FIG. 2A is a sectional view of a display device showing a second embodiment of the present invention. (B) A plan view of a display device showing a second embodiment of the present invention.

FIG. 3 is a diagram showing a method for cutting out an optical film from a raw film according to the present invention.

FIG. 4 is a view showing a surface shape of a raw PET film (or after coating with a hard coat).

FIG. 5 is a diagram showing a method of cutting an optical film of a conventional example from a raw film.

FIG. 6A is a sectional view of a conventional display device. (B) The top view of the display device of a prior art example.
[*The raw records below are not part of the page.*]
lemma chebS_rec: "chebS (j + 1) = [:0, 1:] * chebS j - chebS (j - 1)"
proof (cases "j \<ge> 0")
  case True
  define n where "n = nat j"
  then have j: "j = int n" using True by simp
  show ?thesis
  proof (cases n)
    case 0
    then show ?thesis using j by (simp add: chebS_def)
  next
    case (Suc k)
    then have "j + 1 = int (Suc (Suc k))" "j - 1 = int k" using j by simp_all
    then show ?thesis using j Suc by (simp only: chebS_of_nat chebS_pos.simps)
  qed
next
  case False
  define n where "n = nat (- j - 1)"
  then have j: "j = - int (Suc n)" using False by simp
  then have "j + 1 = - int n" "j - 1 = - int (Suc (Suc n))" by simp_all
  then show ?thesis using j by (simp only: chebS_uminus_of_nat chebS_neg.simps) simp
qed

lemma S_rec: "S (j + 1) z = z * S j z - S (j - 1) z"
  by (simp add: S_def chebS_rec)

lemma S_zero [simp]: "S 0 z = 1" and S_one [simp]: "S 1 z = z" and S_minus_one [simp]: "S (-1) z = 0"
  by (simp_all add: S_def chebS_def)

lemma int_recurrence_unique:
  fixes f g :: "int \<Rightarrow> 'a::comm_ring"
  assumes f: "\<And>j. f (j + 1) = c * f j - f (j - 1)"
    and g: "\<And>j. g (j + 1) = c * g j - g (j - 1)"
    and "f 0 = g 0" "f 1 = g 1"
  shows "f j = g j"
proof -
  have "f j = g j \<and> f (j + 1) = g (j + 1)"
  proof (induction j rule: int_induct[where k = 0])
    case base
    then show ?case using assms(3,4) by simp
  next
    case (step1 i)
    then show ?case using f[of "i + 1"] g[of "i + 1"] by simp
  next
    case (step2 i)
    have "f (i - 1) = c * f i - f (i + 1)" "g (i - 1) = c * g i - g (i + 1)"
      using f[of i] g[of i] by (simp_all add: algebra_simps)
    then show ?case using step2 by simp
  qed
  then show ?thesis ..
qed

lemma S_add: "S (p + q) z = S p z * S q z - S (p - 1) z * S (q - 1) z"
proof (rule int_recurrence_unique[where c = z and j = q])
  show "S (p + (j + 1)) z = z * S (p + j) z - S (p + (j - 1)) z" for j
    using S_rec[of "p + j" z] by (simp add: add.assoc add_diff_eq)
  show "S p z * S (j + 1) z - S (p - 1) z * S (j + 1 - 1) z
      = z * (S p z * S j z - S (p - 1) z * S (j - 1) z) - (S p z * S (j - 1) z - S (p - 1) z * S (j - 1 - 1) z)" for j
  proof -
    have "S (j + 1) z = z * S j z - S (j - 1) z" "S (j - 1 - 1) z = z * S (j - 1) z - S j z"
      using S_rec[of j z] S_rec[of "j - 1" z] by simp_all
    then show ?thesis by (simp only: add_diff_cancel_right') (simp add: algebra_simps)
  qed
  show "S (p + 1) z = S p z * S 1 z - S (p - 1) z * S (1 - 1) z"
    using S_rec[of p z] by simp
qed simp

lemma S_Cassini: "(S j z)\<^sup>2 + (S (j - 1) z)\<^sup>2 - z * S j z * S (j - 1) z = 1"
proof (induction j rule: int_induct[where k = 0])
  case base
  then show ?case by simp
next
  case (step1 i)
  have "S (i + 1) z = z * S i z - S (i - 1) z" by (rule S_rec)
  with step1.IH show ?case by (simp only: add_diff_cancel_right') algebra
next
  case (step2 i)
  have "S (i - 1 - 1) z = z * S (i - 1) z - S i z" using S_rec[of "i - 1" z] by simp
  with step2.IH show ?case by algebra
qed

lemma S_triple: "S (3 * m) z = (S m z)^3 - 3 * S m z * (S (m - 1) z)\<^sup>2 + z * (S (m - 1) z)^3"
proof -
  have idx: "m + m = 2 * m" "m + (m - 1) = 2 * m - 1" "2 * m + m = 3 * m" "m - 1 - 1 = m - 2"
    by simp_all
  have "S (3 * m) z = S (2 * m) z * S m z - S (2 * m - 1) z * S (m - 1) z"
    using S_add[of "2 * m" m z] unfolding idx .
  also have "S (2 * m) z = S m z * S m z - S (m - 1) z * S (m - 1) z"
    using S_add[of m m z] unfolding idx .
  also have "S (2 * m - 1) z = S m z * S (m - 1) z - S (m - 1) z * S (m - 2) z"
    using S_add[of m "m - 1" z] unfolding idx .
  also have "S (m - 2) z = z * S (m - 1) z - S m z"
    using S_rec[of "m - 1" z] by simp
  finally show ?thesis by (simp add: algebra_simps power2_eq_square power3_eq_cube)
qed
(* Let $A$ be a connectivity class of external positions, all of whose positions $p$ have $|B(p)|=m$ and sorted characteristics $j_1\le\dots\le j_{n-m}$. For $S\subseteq\{1,\dots,n\}$ with $|S|=m$ and $\varepsilon:S\to\{0,k-1\}$ put $Cl(S,\varepsilon)=\{p\in A: B(p)=S,\ p_s=\varepsilon(s)\ \forall s\in S\}$. Then $A$ is the disjoint union of the sets $Cl(S,\varepsilon)$; in the solved coloring, the cubies in two positions of $A$ have the same coloring if and only if the positions lie in the same set $Cl(S,\varepsilon)$. Moreover, if $A$ is not central, every nonempty $Cl(S,\varepsilon)$ contains at least two positions (so is a cluster), while if $A$ is central every nonempty $Cl(S,\varepsilon)$ consists of a single position.
   Context: Fix integers $k\ge 2$, $n\ge 3$, $M=\{0,\dots,k-1\}$. Positions are $p\in M^n$, the cubie at $p$ being $\prod_i[p_i,p_i+1]\subset[0,k]^n$; $B(p)=\{i:p_i\in\{0,k-1\}\}$, $p$ external if $B(p)\ne\emptyset$. For $x\in\{1,\dots,k-2\}$, $\bar x=\min(x,k-1-x)$; the characteristics of $p$ are the values $\bar p_i$, $i\notin B(p)$, sorted non-decreasingly. For distinct $i,j$, $\psi_{i,j}:M^n\to M^n$ is $(\psi_{i,j}p)_i=k-1-p_j$, $(\psi_{i,j}p)_j=p_i$, other coordinates unchanged. A move is given by distinct $i,j$ and constants $c_l\in M$ ($l\notin\{i,j\}$) and applies $\psi_{i,j}$ to all positions $p$ with $p_l=c_l$ ($l\notin\{i,j\}$), fixing the others; a combination is a finite sequence of moves. Connectivity classes are the orbits of external positions under combinations (all positions in one class have the same $|B(p)|$ and the same characteristics). A class is central if all its characteristics equal $(k-1)/2$ (vacuously true when $m=n$). Solved coloring: for each $t$ with $2\le t\le n-1$, each $t$-dimensional face $\{x\in[0,k]^n: x_s=e_s\ (s\in S)\}$ ($|S|=n-t$, $e_s\in\{0,k\}$) of the big cube gets its own color, distinct faces getting distinct colors, and each $t$-dimensional face of a cubie contained in a $t$-face of the big cube receives that face's color. Two cubies have the same coloring if the sets of colors on them coincide. A cluster is the set of all cubies of one class having the same coloring, provided it has more than one element. *)

theory Defs
  imports Complex_Main
begin

text \<open>Coordinates are indexed by 0..n-1. A position is a function p :: nat => nat with
  p i < k for i < n and p i = 0 for i >= n (canonical representation of M^n).\<close>

definition positions :: "nat \<Rightarrow> nat \<Rightarrow> (nat \<Rightarrow> nat) set" where
  "positions k n = {p. (\<forall>i<n. p i < k) \<and> (\<forall>i\<ge>n. p i = 0)}"

definition B :: "nat \<Rightarrow> nat \<Rightarrow> (nat \<Rightarrow> nat) \<Rightarrow> nat set" where
  "B k n p = {i. i < n \<and> (p i = 0 \<or> p i = k - 1)}"

definition external :: "nat \<Rightarrow> nat \<Rightarrow> (nat \<Rightarrow> nat) \<Rightarrow> bool" where
  "external k n p \<longleftrightarrow> B k n p \<noteq> {}"

definition bar :: "nat \<Rightarrow> nat \<Rightarrow> nat" where
  "bar k x = min x (k - 1 - x)"

definition characteristics :: "nat \<Rightarrow> nat \<Rightarrow> (nat \<Rightarrow> nat) \<Rightarrow> nat list" where
  "characteristics k n p = sort (map (\<lambda>i. bar k (p i)) (filter (\<lambda>i. i \<notin> B k n p) [0..<n]))"

definition psi :: "nat \<Rightarrow> nat \<Rightarrow> nat \<Rightarrow> (nat \<Rightarrow> nat) \<Rightarrow> (nat \<Rightarrow> nat)" where
  "psi k i j p = p(i := k - 1 - p j, j := p i)"

text \<open>A move is a triple (i, j, c): distinct axes i, j and constants c l in M for l not in {i,j}.\<close>
type_synonym move = "nat \<times> nat \<times> (nat \<Rightarrow> nat)"

definition valid_move :: "nat \<Rightarrow> nat \<Rightarrow> move \<Rightarrow> bool" where
  "valid_move k n mv = (case mv of (i, j, c) \<Rightarrow>
     i < n \<and> j < n \<and> i \<noteq> j \<and> (\<forall>l<n. l \<notin> {i, j} \<longrightarrow> c l < k))"

definition apply_move :: "nat \<Rightarrow> nat \<Rightarrow> move \<Rightarrow> (nat \<Rightarrow> nat) \<Rightarrow> (nat \<Rightarrow> nat)" where
  "apply_move k n mv p = (case mv of (i, j, c) \<Rightarrow>
     if (\<forall>l<n. l \<notin> {i, j} \<longrightarrow> p l = c l) then psi k i j p else p)"

definition apply_comb :: "nat \<Rightarrow> nat \<Rightarrow> move list \<Rightarrow> (nat \<Rightarrow> nat) \<Rightarrow> (nat \<Rightarrow> nat)" where
  "apply_comb k n ms p = foldl (\<lambda>q mv. apply_move k n mv q) p ms"

definition orbit :: "nat \<Rightarrow> nat \<Rightarrow> (nat \<Rightarrow> nat) \<Rightarrow> (nat \<Rightarrow> nat) set" where
  "orbit k n p = {apply_comb k n ms p | ms. \<forall>mv \<in> set ms. valid_move k n mv}"

definition conn_classes :: "nat \<Rightarrow> nat \<Rightarrow> (nat \<Rightarrow> nat) set set" where
  "conn_classes k n = {orbit k n p | p. p \<in> positions k n \<and> external k n p}"

definition central :: "nat \<Rightarrow> nat \<Rightarrow> (nat \<Rightarrow> nat) set \<Rightarrow> bool" where
  "central k n A \<longleftrightarrow> (\<forall>p\<in>A. \<forall>x \<in> set (characteristics k n p). real x = (real k - 1) / 2)"

text \<open>Points of R^n are functions nat => real (only coordinates < n matter).
  A t-face of the big cube [0,k]^n is given by a set S of n - t fixed coordinates with
  values in {0,k}; a t-face of the cubie at p by a set T of n - t fixed coordinates with
  values in {p_s, p_s + 1}. Colors are identified with the faces of the big cube
  themselves (distinct faces get distinct colors).\<close>

definition bigface :: "nat \<Rightarrow> nat \<Rightarrow> nat set \<Rightarrow> (nat \<Rightarrow> real) \<Rightarrow> (nat \<Rightarrow> real) set" where
  "bigface k n S e = {x. (\<forall>i<n. 0 \<le> x i \<and> x i \<le> real k) \<and> (\<forall>s\<in>S. x s = e s)}"

definition bigfaces :: "nat \<Rightarrow> nat \<Rightarrow> nat \<Rightarrow> (nat \<Rightarrow> real) set set" where
  "bigfaces k n t = {bigface k n S e | S e. S \<subseteq> {0..<n} \<and> card S = n - t \<and>
                        (\<forall>s\<in>S. e s = 0 \<or> e s = real k)}"

definition cubieface :: "nat \<Rightarrow> (nat \<Rightarrow> nat) \<Rightarrow> nat set \<Rightarrow> (nat \<Rightarrow> real) \<Rightarrow> (nat \<Rightarrow> real) set" where
  "cubieface n p T f = {x. (\<forall>i<n. i \<notin> T \<longrightarrow> real (p i) \<le> x i \<and> x i \<le> real (p i) + 1)
                          \<and> (\<forall>s\<in>T. x s = f s)}"

definition cubiefaces :: "nat \<Rightarrow> (nat \<Rightarrow> nat) \<Rightarrow> nat \<Rightarrow> (nat \<Rightarrow> real) set set" where
  "cubiefaces n p t = {cubieface n p T f | T f. T \<subseteq> {0..<n} \<and> card T = n - t \<and>
                        (\<forall>s\<in>T. f s = real (p s) \<or> f s = real (p s) + 1)}"

definition coloring :: "nat \<Rightarrow> nat \<Rightarrow> (nat \<Rightarrow> nat) \<Rightarrow> (nat \<Rightarrow> real) set set" where
  "coloring k n p = {F. \<exists>t. 2 \<le> t \<and> t \<le> n - 1 \<and> F \<in> bigfaces k n t \<and>
                          (\<exists>G \<in> cubiefaces n p t. G \<subseteq> F)}"

definition Cl :: "nat \<Rightarrow> nat \<Rightarrow> (nat \<Rightarrow> nat) set \<Rightarrow> nat set \<Rightarrow> (nat \<Rightarrow> nat) \<Rightarrow> (nat \<Rightarrow> nat) set" where
  "Cl k n A S \<epsilon> = {p \<in> A. B k n p = S \<and> (\<forall>s\<in>S. p s = \<epsilon> s)}"

definition admissible :: "nat \<Rightarrow> nat \<Rightarrow> nat \<Rightarrow> nat set \<Rightarrow> (nat \<Rightarrow> nat) \<Rightarrow> bool" where
  "admissible k n m S \<epsilon> \<longleftrightarrow> S \<subseteq> {0..<n} \<and> card S = m \<and> (\<forall>s\<in>S. \<epsilon> s = 0 \<or> \<epsilon> s = k - 1)"

end

theory Submission
  imports Defs
begin
lemma funpow_subst_word_append:
  "(subst_word \<tau> ^^ n) (v @ w) = (subst_word \<tau> ^^ n) v @ (subst_word \<tau> ^^ n) w"
  by (induction n) auto

lemma length_subst_word_ge:
  assumes "\<forall>b. \<tau> b \<noteq> []"
  shows "length w \<le> length (subst_word \<tau> w)"
proof (induction w)
  case (Cons b w)
  have "0 < length (\<tau> b)" using assms by simp
  with Cons.IH show ?case by (simp only: subst_word_Cons length_append length_Cons)
qed simp

lemma length_funpow_subst_word_ge:
  assumes "\<forall>b. \<tau> b \<noteq> []"
  shows "length w \<le> length ((subst_word \<tau> ^^ n) w)"
  by (induction n) (auto intro: le_trans length_subst_word_ge[OF assms])

lemma last_subst_word:
  assumes "\<forall>b. \<tau> b \<noteq> []" and "w \<noteq> []"
  shows "last (subst_word \<tau> w) = suffix_letter \<tau> (last w)"
proof -
  have "subst_word \<tau> w = subst_word \<tau> (butlast w) @ \<tau> (last w)"
    using subst_word_append[of \<tau> "butlast w" "[last w]"] \<open>w \<noteq> []\<close> by simp
  then show ?thesis using assms(1) by (simp add: suffix_letter_def)
qed

lemma last_funpow_subst_word:
  assumes ne: "\<forall>b. \<tau> b \<noteq> []"
  shows "last ((subst_word \<tau> ^^ n) [c]) = (suffix_letter \<tau> ^^ n) c"
proof (induction n)
  case 0 then show ?case by simp
next
  case (Suc n)
  have "(subst_word \<tau> ^^ n) [c] \<noteq> []"
    using length_funpow_subst_word_ge[OF ne, of "[c]" n] by auto
  then show ?case using Suc last_subst_word[OF ne] by simp
qed

section \<open>Factors and the orbit closure\<close>

lemma seq_factors_sublist:
  assumes "w \<in> seq_factors x" and "sublist v w"
  shows "v \<in> seq_factors x"
proof -
  obtain i k where w: "w = map x [i..<i + k]"
    using assms(1) unfolding seq_factors_def by blast
  obtain p s where ps: "w = p @ v @ s"
    using assms(2) unfolding sublist_def by blast
  have len: "length p + length v + length s = k"
    using arg_cong[OF ps, of length] w by simp
  have "v = take (length v) (drop (length p) w)"
    using ps by simp
  also have "\<dots> = map x [i + length p..<i + length p + length v]"
    using w len by (simp add: take_map drop_map)
  finally show ?thesis unfolding seq_factors_def by blast
qed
FIG. 7A is a diagram showing a pixel arrangement of a display device. FIG. 7B is a diagram showing a lighting state of a pixel of the display device.

[Explanation of symbols]

101, 201 Optical film according to the present invention 102, 602 Upper polarizing plate 103,603 LCD panel 104,604 Lower polarizing plate 202 Protective plate 203 Plasma display 605, 701, 704 Red pixel columns 606, 702, 705 Green pixel columns 607, 703, 706 Blue pixel columns

   ─────────────────────────────────────────────────── ─── Continued front page    F-term (reference) 2H091 FA37X FA37Z FA50X FA50Z                       GA01 KA10 LA16                 2K009 AA02 AA15 BB24 DD03 EE03                       EE05                 5G435 AA01 AA09 BB02 BB06 BB12                       CC09 DD11 FF05 GG33 HH02                       HH03

Claims (3)

[Claims] 1. A hard coat layer containing a resin as a main component is formed on the surface of a transparent film, and a multi-functional film such as an antireflection film, an electromagnetic wave shielding film, an antifouling film and an infrared cut film is formed on the hard coat layer. A film selectively formed according to the purpose, with respect to the axis of the direction of the information electrode of the display device, the undulation of the surface shape of the transparent film along the axis of the width direction of the raw roll at the time of manufacturing the transparent film On the other hand, a display device provided with an optical film, which is arranged in the display device so as not to be parallel to the waviness of the surface shape of the transparent film along the axis of the flow direction of the roll. 2. The angle between the axis in the direction of the information electrode of the display device and the waviness of the surface shape of the transparent film along the axis in the flow direction of the original roll during the production of the transparent film is 15 to 80. The display device provided with the optical film according to claim 1, wherein the display device is arranged so as to be in a range of °. 3. The angle between the axis in the direction of the information electrode of the display device and the undulation of the surface shape of the transparent film along the axis in the flow direction of the original roll during the production of the transparent film is 15 to 30. The display device provided with the optical film according to claim 1, wherein the display device is arranged so as to be in a range of an angle of 65 ° to 65 °.